First, here is a brief section on which approaches are typically used for each of the three diagnoses. Then, continue reading for a more detailed description of each approach.
For PTSD and ASD
The treatment of choice follows the so-called tri-phasic model (Phase 1: Developing resources for safety and stabilization; Phase 2: Trauma memory processing; Phase 3: Reconnection). Each phase has specific goals and treatment techniques. Approaches include cognitive-behavioral therapy, Cognitive Processing Therapy, and Eye Movement Desensitization and Reprocessing (EMDR). These approaches are also meant to treat any co-occurring conditions such as depression, anxiety, and substance abuse.
For Adjustment Disorder
Approaches include cognitive-behavioral therapy and psychodynamic therapy. In more severe cases, or for a disorder that persists, EMDR and Cognitive Processing Therapy may also be helpful.
When the main stressor is change, a good part of the treatment is spent on processing the accompanying factors such as uncertainty, ambivalence, doubt, and personal insecurities. Talking to a professional can help with a more thorough and realistic analysis of the situation, including what your alternatives may be, what can be learned from the change, how you can improve your coping and problem-solving skills, and how you can proceed while gaining inner strength and increasing your self-awareness.
Different Types of Psychotherapy Approaches
Eye Movement Desensitization and Reprocessing (EMDR)
EMDR therapy is an integrative psychotherapeutic approach that was originally developed for the treatment of PTSD (which, as mentioned above, used to be categorized as an anxiety disorder). Since then, it has been proven effective for a number of other conditions. EMDR combines a specialized technique (bilateral dual stimulation) with components of CBT and psychodynamic therapy. Click here to go to the EMDR page on this website.
Cognitive-Behavioral Therapy (CBT)
CBT is known for its emphasis on practical, step-by-step tools and psychoeducation. In general, it is used to identify and challenge negative beliefs and emotions that contribute to the maintenance of the disorder. CBT includes psychoeducational handouts, weekly action plans, weekly logs, and worksheets—all with the goal of helping you unlearn dysfunctional responses and learn new ways of reacting through repeated practice.
An additional component of CBT is relaxation training that is used to reduce the activation in the amygdala and the subsequent sympathetic nervous system response of fight-flight-freeze. The methods include various types of breathing techniques, muscle-focused relaxation techniques, mindfulness, and grounding skills. Also found to facilitate relaxation are meditative movement therapies (e.g., yoga and tai chi) and light-to-moderate aerobic exercise (with significant research-proven benefits for the brain and the body in general), both of which I typically suggest to clients. For those who wish to incorporate them into their new routines, we work together on devising an action plan and schedule that may help with motivation and accountability.

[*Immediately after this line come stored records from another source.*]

(* Let $m\ge2$ and let $W$ be as in the context. Suppose the nonzero eigenvalues of $W$ (counted with algebraic multiplicity) are $\pm i\lambda_1,\dots,\pm i\lambda_r$ with $\lambda_k>0$ (the eigenvalue $0$ then having multiplicity $d-2r$). Then $$\sqrt{\det\mathcal{O}_{m-1}}=m^{\frac d2-r}\prod_{k=1}^r\frac{(1+\lambda_k)^m-(1-\lambda_k)^m}{2\lambda_k}.$$
   Context: $\mathbb{B}_n$ carries the Riemannian metric $\mathring b$ induced by the Bergman Hermitian metric, the standard complex structure $J$, and $\omega_p(\xi,\nu)=\mathring b_p(\xi,J\nu)$. $\Gamma\subseteq\mathbb{B}_n$ is an embedded submanifold of dimension $d$ with inclusion $\iota$, $\gamma:B(0,1)\subset\mathbb{R}^d\to\Gamma$ a parametrization with $p=\gamma(t)$, $G=(g_{jk}(p))$ with $g_{jk}(p)=\mathring b_p(D_p\iota\,\partial_{t_j},D_p\iota\,\partial_{t_k})$ and $H=(h_{jk}(p))$ with $h_{jk}(p)=\omega_p(D_p\iota\,\partial_{t_j},D_p\iota\,\partial_{t_k})$, and $W=G^{-1}H$ (a $d\times d$ real matrix, skew-adjoint with respect to $G$, so its nonzero eigenvalues are purely imaginary in conjugate pairs). $\mathcal{O}_{m-1}$ is the $(m-1)d\times(m-1)d$ complex matrix which, as an $(m-1)\times(m-1)$ block matrix with $d\times d$ blocks, is block tridiagonal with diagonal blocks $2I$, superdiagonal blocks $-I-iW$, subdiagonal blocks $-I+iW$, and all other blocks zero. The square root is the positive one. *)

theory Defs
  imports Complex_Main "Jordan_Normal_Form.Char_Poly"
begin

text \<open>The block tridiagonal matrix O_{m-1}: (m-1) x (m-1) blocks of size d x d,
  diagonal blocks 2I, superdiagonal blocks -I - iW, subdiagonal blocks -I + iW.\<close>
definition O_mat :: "nat \<Rightarrow> nat \<Rightarrow> real mat \<Rightarrow> complex mat" where
  "O_mat d m W = mat ((m - 1) * d) ((m - 1) * d) (\<lambda>(i, j).
     let a = i div d; b = j div d; p = i mod d; q = j mod d;
         \<delta> = (if p = q then 1 else 0) :: complex
     in if a = b then 2 * \<delta>
        else if b = a + 1 then - \<delta> - \<i> * complex_of_real (W $$ (p, q))
        else if a = b + 1 then - \<delta> + \<i> * complex_of_real (W $$ (p, q))
        else 0)"

end

theory Submission
  imports Defs "Jordan_Normal_Form.Schur_Decomposition"
begin

(* Write O_{m-1} as the Kronecker pencil T\<^sub>0 \<otimes> I + T\<^sub>1 \<otimes> W, where T\<^sub>0 and T\<^sub>1 are the
   scalar (m-1) x (m-1) tridiagonal matrices with (sub-, main, super-) diagonals
   (-1, 2, -1) and (i, 0, -i).
   Conjugating with a block diagonal Schur transformation replaces W by an upper triangular
   matrix carrying the eigenvalues e of W on its diagonal; after the perfect shuffle of
   indices the pencil becomes block upper triangular with diagonal blocks T\<^sub>0 + e T\<^sub>1.
   These are tridiagonal Toeplitz matrices, whose determinants obey a three-term recurrence
   solved by the sums \<Sum>k<m. x^k y^(m-1-k) with x, y = 1 \<plusminus> i e. This is m for e = 0 and
   ((1 + \<lambda>)^m - (1 - \<lambda>)^m) / (2 \<lambda>) for e = \<plusminus>i \<lambda>, so det O_{m-1} is a perfect square. *)

section \<open>Block matrices\<close>

definition block_mat :: "nat \<Rightarrow> nat \<Rightarrow> (nat \<Rightarrow> nat \<Rightarrow> 'a mat) \<Rightarrow> 'a mat" where
  "block_mat d n F = mat (n * d) (n * d) (\<lambda>(i, j). F (i div d) (j div d) $$ (i mod d, j mod d))"

lemma block_mat_carrier [simp]: "block_mat d n F \<in> carrier_mat (n * d) (n * d)"
  and dim_row_block_mat [simp]: "dim_row (block_mat d n F) = n * d"
  and dim_col_block_mat [simp]: "dim_col (block_mat d n F) = n * d"
  by (simp_all add: block_mat_def)

lemma index_block_mat [simp]:
  "i < n * d \<Longrightarrow> j < n * d \<Longrightarrow>
    block_mat d n F $$ (i, j) = F (i div d) (j div d) $$ (i mod d, j mod d)"
  by (simp add: block_mat_def)

lemma block_index_less:
  assumes "i < n * (d::nat)"
  shows "i div d < n" "i mod d < d"
proof -
  show "i div d < n" using assms by (simp add: less_mult_imp_div_less)
  have "0 < d" using assms by (cases d) auto
  then show "i mod d < d" by simp
qed

lemma index_mult_mat_sum:
  assumes "A \<in> carrier_mat n k" "B \<in> carrier_mat k m" "i < n" "j < m"
  shows "(A * B) $$ (i, j) = (\<Sum>l<k. A $$ (i, l) * B $$ (l, j))"
  using assms by (auto simp: scalar_prod_def atLeast0LessThan intro!: sum.cong)

lemma sum_lessThan_mult:
  fixes g :: "nat \<Rightarrow> 'a::comm_monoid_add"
  shows "(\<Sum>k<n * d. g k) = (\<Sum>c<n. \<Sum>r<d. g (c * d + r))"
proof -
  have "(\<Sum>k<n * d. g k) = (\<Sum>c<n. sum g {c * d..<c * d + d})"
    using sum.nat_group[of g d n] by simp
  also have "\<dots> = (\<Sum>c<n. \<Sum>r<d. g (c * d + r))"
  proof (rule sum.cong[OF refl])
    fix c
    show "sum g {c * d..<c * d + d} = (\<Sum>r<d. g (c * d + r))"
      using sum.shift_bounds_nat_ivl[of g 0 "c * d" d] by (simp add: atLeast0LessThan add.commute)
  qed
  finally show ?thesis .
qed

lemma block_index_mult_add:
  assumes "c < n" "r < (d::nat)"
  shows "c * d + r < n * d" "(c * d + r) div d = c" "(c * d + r) mod d = r"
proof -
  have "c * d + r < Suc c * d" using assms by simp
  also have "\<dots> \<le> n * d" using assms by (intro mult_right_mono) auto
  finally show "c * d + r < n * d" .
qed (use assms in auto)

lemma index_mult_block_mat:
  assumes F: "\<And>a b. a < n \<Longrightarrow> b < n \<Longrightarrow> F a b \<in> carrier_mat d d"
    and G: "\<And>a b. a < n \<Longrightarrow> b < n \<Longrightarrow> G a b \<in> carrier_mat d d"
    and i: "i < n * d" and j: "j < n * d"
  shows "(block_mat d n F * block_mat d n G) $$ (i, j)
    = (\<Sum>c<n. (F (i div d) c * G c (j div d)) $$ (i mod d, j mod d))"
proof -
  note ii = block_index_less[OF i] and jj = block_index_less[OF j]
  have "(block_mat d n F * block_mat d n G) $$ (i, j)
      = (\<Sum>k<n * d. block_mat d n F $$ (i, k) * block_mat d n G $$ (k, j))"
    by (rule index_mult_mat_sum) (use i j in auto)
  also have "\<dots> = (\<Sum>c<n. \<Sum>r<d. F (i div d) c $$ (i mod d, r) * G c (j div d) $$ (r, j mod d))"
    unfolding sum_lessThan_mult using i j block_index_mult_add by (intro sum.cong refl) auto
  also have "\<dots> = (\<Sum>c<n. (F (i div d) c * G c (j div d)) $$ (i mod d, j mod d))"
    by (intro sum.cong refl, subst index_mult_mat_sum[of _ d d]) (use F G ii jj in auto)
  finally show ?thesis .
qed

definition block_diag_mat :: "nat \<Rightarrow> nat \<Rightarrow> 'a mat \<Rightarrow> 'a::zero mat" where
  "block_diag_mat d n P = block_mat d n (\<lambda>a b. if a = b then P else 0\<^sub>m d d)"

lemma block_diag_mat_carrier [simp]: "block_diag_mat d n P \<in> carrier_mat (n * d) (n * d)"
  by (simp add: block_diag_mat_def)

lemma block_diag_mult_block_mat:
  fixes P :: "'a::semiring_0 mat"
  assumes P: "P \<in> carrier_mat d d" and F: "\<And>a b. a < n \<Longrightarrow> b < n \<Longrightarrow> F a b \<in> carrier_mat d d"
  shows "block_diag_mat d n P * block_mat d n F = block_mat d n (\<lambda>a b. P * F a b)"
  unfolding block_diag_mat_def
proof (rule eq_matI)
  fix i j assume "i < dim_row (block_mat d n (\<lambda>a b. P * F a b))" "j < dim_col (block_mat d n (\<lambda>a b. P * F a b))"
  then have i: "i < n * d" and j: "j < n * d" by auto
  note ii = block_index_less[OF i] and jj = block_index_less[OF j]
  have "((if i div d = c then P else 0\<^sub>m d d) * F c (j div d)) $$ (i mod d, j mod d)
    = (if i div d = c then (P * F c (j div d)) $$ (i mod d, j mod d) else 0)" if "c < n" for c
    using that P F[of c "j div d"] ii jj by auto
  then show "(block_mat d n (\<lambda>a b. if a = b then P else 0\<^sub>m d d) * block_mat d n F) $$ (i, j)
    = block_mat d n (\<lambda>a b. P * F a b) $$ (i, j)"
    using P F ii i j by (subst index_mult_block_mat[OF _ F i j]) (auto simp: sum.delta')
qed auto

Cognitive Processing Therapy (CPT)
CPT is a short-term (8-15 sessions), evidence-based CBT protocol specifically designed for trauma treatment. The usual CBT tools (described above) are tailored toward the focus on getting people unstuck in their trauma recovery process. Features of CPT include teaching clients skills that will help them identify how they have been interpreting why the trauma happened and its consequences; learn skills to examine and challenge the stuck points; examine beliefs about oneself, others, and the world in light of the trauma; address changes to safety, trust, power/control, self-esteem, and intimacy; as well as to increase the ability to develop independently a healthier approach to beliefs and emotions.
This approach recognizes the complexity of mental life and therefore addresses underlying psychological forces that may affect who you are. It is an approach that considers the relationship between past and present and helps you understand the why behind your thoughts, emotions, and behaviors, including the root of self-defeating patterns. This enhanced self-awareness is thought to be behind the fact that clients who receive psychodynamic therapy continue to improve after treatment ends.
What else can you do?
In addition to talking to a doctor and/or a psychotherapist, consider the following:
- Be patient with yourself, with the medication, and with talk therapy
- Take advantage of your support system (family members, friends, clergy, etc.)

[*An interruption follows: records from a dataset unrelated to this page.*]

definition indeg :: "'a set \<Rightarrow> ('a \<Rightarrow> 'a \<Rightarrow> bool) \<Rightarrow> 'a \<Rightarrow> nat" where
  "indeg V A v = card {u \<in> V. A u v}"

definition is_ordering :: "'a set \<Rightarrow> 'a list \<Rightarrow> bool" where
  "is_ordering V \<sigma> \<longleftrightarrow> distinct \<sigma> \<and> set \<sigma> = V"

definition pos :: "'a list \<Rightarrow> 'a \<Rightarrow> nat" where
  "pos \<sigma> v = (THE i. i < length \<sigma> \<and> \<sigma> ! i = v)"

definition backward :: "('a \<Rightarrow> 'a \<Rightarrow> bool) \<Rightarrow> 'a list \<Rightarrow> 'a \<Rightarrow> 'a \<Rightarrow> bool" where
  "backward A \<sigma> u v \<longleftrightarrow> A u v \<and> pos \<sigma> v < pos \<sigma> u"

definition d_sigma :: "'a set \<Rightarrow> ('a \<Rightarrow> 'a \<Rightarrow> bool) \<Rightarrow> 'a list \<Rightarrow> 'a \<Rightarrow> nat" where
  "d_sigma V A \<sigma> v = card {u \<in> V. backward A \<sigma> v u \<or> backward A \<sigma> u v}"

definition Delta_sigma :: "'a set \<Rightarrow> ('a \<Rightarrow> 'a \<Rightarrow> bool) \<Rightarrow> 'a list \<Rightarrow> nat" where
  "Delta_sigma V A \<sigma> = Max (insert 0 (d_sigma V A \<sigma> ` V))"

definition degreewidth :: "'a set \<Rightarrow> ('a \<Rightarrow> 'a \<Rightarrow> bool) \<Rightarrow> nat" where
  "degreewidth V A = Min {Delta_sigma V A \<sigma> | \<sigma>. is_ordering V \<sigma>}"

definition indeg_sorted :: "'a set \<Rightarrow> ('a \<Rightarrow> 'a \<Rightarrow> bool) \<Rightarrow> 'a list \<Rightarrow> bool" where
  "indeg_sorted V A \<sigma> \<longleftrightarrow>
     (\<forall>i j. i < j \<and> j < length \<sigma> \<longrightarrow> indeg V A (\<sigma> ! i) \<le> indeg V A (\<sigma> ! j))"

end

theory Submission
  imports Defs
begin

(* Fix an optimal ordering t with \<Delta>_t(T) = k. Counting the vertices before v in t shows
   d^-(v) + b^+_t(v) = pos_t(v) + b^-_t(v), where b^+_t(v) and b^-_t(v) count the backward arcs
   leaving and entering v; hence the position of every vertex in t differs from its in-degree
   by at most k. A backward arc at v in an in-degree sorted ordering s is either backward in t
   (at most k of them), or it joins v to a vertex u whose in-degree is comparable to that of v,
   which confines pos_t(u) to an interval of length k + b^-_t(v) - b^+_t(v) after v, resp.
   k + b^+_t(v) - b^-_t(v) before v. Altogether d_s(v) \<le> k + 2k.
   For tightness, reverse the arcs 03 and 14 of the transitive tournament on 0, ..., 4: the
   triangle 0 \<rightarrow> 1 \<rightarrow> 3 \<rightarrow> 0 forces degreewidth 1, which the natural order attains, whereas the
   in-degree order 0, 2, 3, 1, 4 leaves vertex 1 with three backward arcs. *)

lemma pos_nth: "distinct s \<Longrightarrow> i < length s \<Longrightarrow> pos s (s ! i) = i"
  unfolding pos_def by (rule the_equality) (auto simp: nth_eq_iff_index_eq)

lemma pos_less_length: "distinct s \<Longrightarrow> v \<in> set s \<Longrightarrow> pos s v < length s"
  by (metis in_set_conv_nth pos_nth)

lemma nth_pos: "distinct s \<Longrightarrow> v \<in> set s \<Longrightarrow> s ! pos s v = v"
  by (metis in_set_conv_nth pos_nth)

lemma inj_on_pos: "distinct s \<Longrightarrow> inj_on (pos s) (set s)"
  by (metis inj_onI nth_pos)

lemma pos_Cons:
  assumes "distinct (x # xs)" "v \<in> set (x # xs)"
  shows "pos (x # xs) v = (if v = x then 0 else Suc (pos xs v))"
proof (cases "v = x")
  case True
  then show ?thesis using pos_nth[OF assms(1), of 0] by simp
next
  case False
  then have "v \<in> set xs" "distinct xs" using assms by auto
  then have "(x # xs) ! Suc (pos xs v) = v" "Suc (pos xs v) < length (x # xs)"
    by (simp_all add: nth_pos pos_less_length)
  then show ?thesis using pos_nth[OF assms(1)] False by metis
qed

lemma card_pos_less:
  assumes "distinct s" "v \<in> set s"
  shows "card {u \<in> set s. pos s u < pos s v} = pos s v"
proof -
  have "{u \<in> set s. pos s u < pos s v} = (!) s ` {..<pos s v}"
    using assms pos_less_length[OF assms] by (force simp: nth_pos pos_nth)
  moreover have "inj_on ((!) s) {..<pos s v}"
    using assms pos_less_length[OF assms] by (auto simp: inj_on_def nth_eq_iff_index_eq)
  ultimately show ?thesis by (simp add: card_image)
qed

- Tell your family members and friends about things that may trigger your symptoms
- If you have returned to work and have supportive colleagues, consider telling them about your triggers
- Try aerobic exercise to help reduce stress
- If possible, spend time outside in nature and in the sun (unless these are currently your triggers)
- Set realistic goals and be kind to yourself
- Break up large tasks into small ones and set priorities
- Consider joining a peer support group
- Avoid alcohol and illicit drug use
If you are in a crisis
- Call 911 or go to the nearest hospital emergency room
- Call the Georgia Crisis & Access Line at 1-800-715-4225
- Call the National Suicide Prevention Lifeline at 1-800-273-TALK (1-800-273-8255)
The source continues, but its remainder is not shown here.